According to a calculation from Sessions’ office, based on data from DHS’ Yearbook of Immigration Statistics, the total number of people denied admission constitutes only .0084 percent of approved VWP applicants in that seven-year period.

The VWP allows eligible citizens from 37 participating countries to enter the United States without first obtaining a visa for stays of 90 days or less. The applicants who were turned away were denied entry, not a visa — but either way, very few have been denied entry on public charge grounds in recent years.

The concern with these VWP participants is that they might overstay their 90-day limit through the program, which is easier to navigate than the process for obtaining a normal visa. An estimated 40 percent of illegal immigrants have overstayed their visas.

“Admitting VWP participants likely to become a public charge, without even ensuring their exit, may be costing taxpayers billions right now,” a Senate Budget Committee aide told TheDC.

Last October, TheDC reported that in FY 2011, just .068 percent of 10.37 million immigration applicants processed by the State Department were found to be ineligible on the basis of becoming a public charge. (RELATED: Dependency risk not a significant barrier to entry for new immigrants)

DHS did not provide data for the senators’ inquiries into how many total visa applicants were denied due to their public charge risk from 2001 to 2011. The department also did not provide data on how many became public charges after receiving access from 2001 to 2011, explaining that “data entry quality and system changes … did not account for statistical tracking at this level.”

U.S. Immigration and Customs Enforcement is “currently addressing these data tracking issues and intends to capture such data in a reliable manner,” DHS assured the senators.

According to the Section 212(a)(4) of the Immigration and Nationality Act (INA), individuals looking to gain admission to the United States or an immigration status adjustment are barred from entry if they are “at the time of application for admission or adjustment of status … likely at any time to become a public charge.”

DHS excludes the vast majority of the more than 80 federal means-tested welfare programs from consideration when determining an applicant’s public charge risk. Just two federal programs are applicable: Supplemental Security Income (SSI) and Temporary Assistance for Needy Families (TANF).

A recent analysis of Census Bureau data by the Center for Immigration Studies revealed that in 2010, 36 percent of immigrant-headed households were on at least one major welfare program — largely nutrition assistance and Medicaid (both of which are considered inadmissible in determining one’s dependency risk based on current public charge policies) — compared to 23 percent of native headed households.
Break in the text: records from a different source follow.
(* (1) Every symmetric intersecting family is balanceable. (2) There exists a family (of subsets of some finite set) that is uniform and balanceable but not regular (and hence not symmetric). (3) There exists a family that is uniform, regular and intersecting but not balanceable.
   Context: Let $P$ be a finite set with $|P|=n$ (identified with $[n]$). A family $\mathcal{F}=(F_1,\dots,F_m)$ of subsets of $P$ is: intersecting if any two of its sets intersect; regular if every element of $P$ lies in the same number of sets of $\mathcal{F}$; uniform if all its sets have the same size; symmetric if for any $p,q\in P$ there is a bijection $\varphi:P\to P$ with $\varphi(p)=q$ and $\{\varphi(A):A\in\mathcal{F}\}=\mathcal{F}$; balanceable if there exist $w\in[0,1]^m$ with $\sum_i w_i=1$ and $s\in[0,1]^{m\times m\times n}$ with $\sum_p s_{ijp}=1$ for all $i,j$, such that (intersecting system) $s_{ijp}>0$ implies $p\in F_i\cap F_j$ for all $i,j,p$, and (balanced) $\sum_{i=1}^m\sum_{j=1}^m w_iw_js_{ijp}=1/n$ for all $p\in P$. *)

theory Defs
  imports Complex_Main
begin

text \<open>Ground set P = {0..<n} (identified with [n]); a family F_1,...,F_m is a list
  of subsets of P (repetitions allowed), F_i = F ! (i-1).\<close>

definition family_on :: "nat \<Rightarrow> nat set list \<Rightarrow> bool" where
  "family_on n F \<longleftrightarrow> (\<forall>A \<in> set F. A \<subseteq> {..<n})"

definition intersecting :: "nat set list \<Rightarrow> bool" where
  "intersecting F \<longleftrightarrow> (\<forall>i<length F. \<forall>j<length F. F ! i \<inter> F ! j \<noteq> {})"

definition regular :: "nat \<Rightarrow> nat set list \<Rightarrow> bool" where
  "regular n F \<longleftrightarrow> (\<exists>k. \<forall>p<n. card {i. i < length F \<and> p \<in> F ! i} = k)"

definition uniform :: "nat set list \<Rightarrow> bool" where
  "uniform F \<longleftrightarrow> (\<exists>k. \<forall>i<length F. card (F ! i) = k)"

definition symmetric :: "nat \<Rightarrow> nat set list \<Rightarrow> bool" where
  "symmetric n F \<longleftrightarrow> (\<forall>p<n. \<forall>q<n. \<exists>\<phi>. bij_betw \<phi> {..<n} {..<n} \<and> \<phi> p = q \<and>
      (\<lambda>A. \<phi> ` A) ` set F = set F)"

definition balanceable :: "nat \<Rightarrow> nat set list \<Rightarrow> bool" where
  "balanceable n F \<longleftrightarrow> (let m = length F in
    \<exists>(w :: nat \<Rightarrow> real) (s :: nat \<Rightarrow> nat \<Rightarrow> nat \<Rightarrow> real).
      (\<forall>i<m. 0 \<le> w i \<and> w i \<le> 1) \<and> (\<Sum>i<m. w i) = 1 \<and>
      (\<forall>i<m. \<forall>j<m. \<forall>p<n. 0 \<le> s i j p \<and> s i j p \<le> 1) \<and>
      (\<forall>i<m. \<forall>j<m. (\<Sum>p<n. s i j p) = 1) \<and>
      (\<forall>i<m. \<forall>j<m. \<forall>p<n. s i j p > 0 \<longrightarrow> p \<in> F ! i \<inter> F ! j) \<and>
      (\<forall>p<n. (\<Sum>i<m. \<Sum>j<m. w i * w j * s i j p) = 1 / real n))"

end

(*
  Symmetric intersecting families: give every distinct set the same weight, and for each
  pair of sets pick some common point.  Averaging this choice over the automorphism group of
  the family keeps every pair's distribution inside the intersection, and makes the total mass
  received by a point invariant under the group.  Symmetry means the group is transitive, so
  that mass is the same at every point, i.e. the weights are balanced.

  In the non-balanceable example, points 0, 1, 2 lie only in the first two sets, so the mass
  3/10 they must receive comes from pairs of these two sets and is at most the square of their
  total weight; the same holds for points 3, 4, 5 and the last two sets.  Both total weights
  would then exceed 1/2.
*)

theory Submission
  imports Defs "HOL-Combinatorics.Permutations"
begin

definition distribution_on :: "'a set \<Rightarrow> 'a set \<Rightarrow> ('a \<Rightarrow> real) \<Rightarrow> bool" where
  "distribution_on U X d \<longleftrightarrow>
     (\<forall>p\<in>U. 0 \<le> d p) \<and> (\<forall>p\<in>U. 0 < d p \<longrightarrow> p \<in> X) \<and> sum d U = 1"

lemma distribution_on_le_one:
  assumes "finite U" "distribution_on U X d" "p \<in> U"
  shows "d p \<le> 1"
proof -
  have "d p \<le> sum d U"
    using assms by (intro member_le_sum) (auto simp: distribution_on_def)
  then show ?thesis
    using assms(2) by (simp add: distribution_on_def)
qed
As DHS elaborates in its letter, the restrictions on potential government dependents has been a staple of immigration law for over a century.

“As you may know, public charge has been part of U.S. immigration law for more than 100 years as a ground of inadmissibility and deportation,” Peacock, the DHS legislative affairs director, wrote to the senators.

But some conservatives and small-government activists are concerned that, when it comes to immigration, hasty reform efforts by both parties are trumping sound judgment. Each Republican response to the State of the Union address — the official one, from Florida Republican Marco Rubio, and tea party response from Kentucky Sen. Rand Paul — will be from legislators who, like the president, support some pathway to citizenship.

“For small government conservatives and libertarians like Rand Paul, it is essential to realize that until these problems are solved, any mass legalization will represent the biggest expansion of the welfare state that we’ve ever seen,” a GOP aide told TheDC.